Using only 2 historical frames, FlowScene surpasses HTCL (3 frames) by +0.61% mIoU and +0.97% IoU, and outperforms the best single-frame method CGFormer by +1.07% mIoU.

SSCBench-KITTI-360 Test Set

Method IoU(%) mIoU(%)
CGFormer 48.07 20.05
Symphonies 44.12 18.58
FlowScene 46.95 20.81

Advantages are particularly pronounced on dynamic objects (car, truck, person, etc.), with dynamic object mIoU reaching 14.87%, far exceeding CGFormer's 11.37%.

Performance at Different Distance Ranges (SemanticKITTI Validation Set)

Method 12.8m 25.6m 51.2m
VLScene 26.51 24.37 17.83
FlowScene 27.63 24.65 18.13

FlowScene consistently outperforms existing methods across all distance ranges.

Efficiency Comparison

Method mIoU(%) Inference Time (s) Parameters (M)
HTCL 17.13 0.297 181.4
BRGScene 15.43 0.285 161.4
FlowScene 18.13 0.301 52.4

FlowScene has only 52.4M parameters, far fewer than HTCL (181.4M), with comparable inference speed.

Ablation Study

Configuration IoU(%) mIoU(%)
Baseline (naive stacking) 43.98 15.89
+ Flow Warping 44.13 16.21
+ Occlusion Detection 44.38 16.43
+ Temporal Aggregation 44.63 17.23
+ Occlusion Cross-Attention 44.42 17.08
Full (+ OGVR) 45.01 18.13

Each module contributes clearly, with a total gain of +2.24% mIoU and +1.03% IoU.

Temporal Frame Count Ablation: 2 frames is the optimal trade-off.

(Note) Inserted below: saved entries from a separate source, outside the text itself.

lemma true_twins_on_no_edge_between_sides:
  assumes sym: "\<And>x y. E x y \<Longrightarrow> E y x"
    and twins: "\<forall>r\<in>R. true_twins_on R E r p \<or> true_twins_on R E r q"
    and pq: "\<not> E p q"
    and r0: "r0 \<in> R" "\<not> E r0 p" and s0: "s0 \<in> R" "\<not> E s0 q"
    and u: "u \<in> insert p {r \<in> R. true_twins_on R E r p}"
    and v: "v \<in> insert q {r \<in> R. \<not> true_twins_on R E r p}"
  shows "\<not> E u v"
proof -
  have r0q: "true_twins_on R E r0 q" and s0p: "true_twins_on R E s0 p"
    using twins r0 s0 unfolding true_twins_on_def by blast+
  have p_side: "\<not> E x q" if "x \<in> R" "true_twins_on R E x p" for x
  proof -
    have "x \<noteq> r0" using that r0 unfolding true_twins_on_def by blast
    then have "E x r0 \<longleftrightarrow> E x q" "E r0 x \<longleftrightarrow> E r0 p"
      using r0q r0(1) that unfolding true_twins_on_def by auto
    then show ?thesis using r0(2) sym by blast
  qed
  have q_side: "\<not> E y p" if "y \<in> R" "\<not> true_twins_on R E y p" for y
  proof -
    have yq: "true_twins_on R E y q" using twins that by blast
    have "y \<noteq> s0" using that s0p by blast
    then have "E y s0 \<longleftrightarrow> E y p" "E s0 y \<longleftrightarrow> E s0 q"
      using s0p yq that s0(1) unfolding true_twins_on_def by auto
    then show ?thesis using s0(2) sym by blast
  qed
  show ?thesis
  proof (cases "u = p")
    case True
    then show ?thesis using v pq q_side sym by blast
  next
    case False
    then have uR: "u \<in> R" and up: "true_twins_on R E u p" using u by auto
    show ?thesis
    proof (cases "v = q")
      case True
      then show ?thesis using p_side[OF uR up] by simp
    next
      case False
      then have vR: "v \<in> R" and vp: "\<not> true_twins_on R E v p" using v by auto
      then have "v \<noteq> u" using up by blast
      then have "E v u \<longleftrightarrow> E v p" using up vR unfolding true_twins_on_def by blast
      then show ?thesis using q_side[OF vR vp] sym by blast
    qed
  qed
qed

As the frame count increases, optical flow prediction quality degrades (due to large inter-frame intervals), and performance actually decreases with 4–5 frames.

Optical Flow Network Ablation: GMFlow > FlowFormer > RAFT > PWC-Net, with GMFlow achieving the best performance at the smallest parameter count (4.7M).

Backbone Ablation: RepViT-M2.3 > EfficientNetB7 > ResNet50, offering the best performance with the fewest parameters.

Highlights & Insights

Novelty

  1. Optical flow-guided temporal SSC: The first work to systematically introduce optical flow into SSC, moving beyond naive frame stacking or pose-based alignment.
  2. Occlusion-aware dual-space modeling: Occlusion information is exploited in both 2D (FGTA) and 3D (OGVR) spaces, forming a complete occlusion-handling pipeline.
  3. Efficient design: Achieves SOTA with only 2 historical frames and 52.4M parameters; OGVR introduces zero additional parameters.

Limitations & Future Work

  1. Relies on a pre-trained optical flow model (GMFlow); estimation errors propagate downstream.
  2. Evaluation is limited to KITTI-series datasets; experiments on multi-camera settings such as nuScenes are absent.
  3. The number of usable historical frames is constrained by optical flow quality — flow estimates for temporally distant frames are unreliable.

Personal Reflections

  • The intuition behind introducing optical flow into SSC is clear — optical flow encodes precise pixel-level motion correspondences, preserving temporal consistency better than naive stacking or pose estimation.
  • The use of occlusion masks is elegantly designed: in 2D space, they filter out unreliable features; in 3D space, they enable adaptive fusion — the two modules are complementary.
  • The OGVR weighting formula (Eq. 7) is simple yet effective, with the core strategy being a divide-and-conquer approach: use historical information in non-occluded regions, and current-frame information in occluded regions.
  • A noteworthy trend: compared to methods requiring 5 input frames, FlowScene achieves superior performance with only 2 frames, suggesting that "quality > quantity" — high-quality temporal alignment matters more than stacking more frames.
  • Future directions include combining optical flow guidance with BEV perception (e.g., BEVFormer) or occupancy networks (e.g., Occ3D).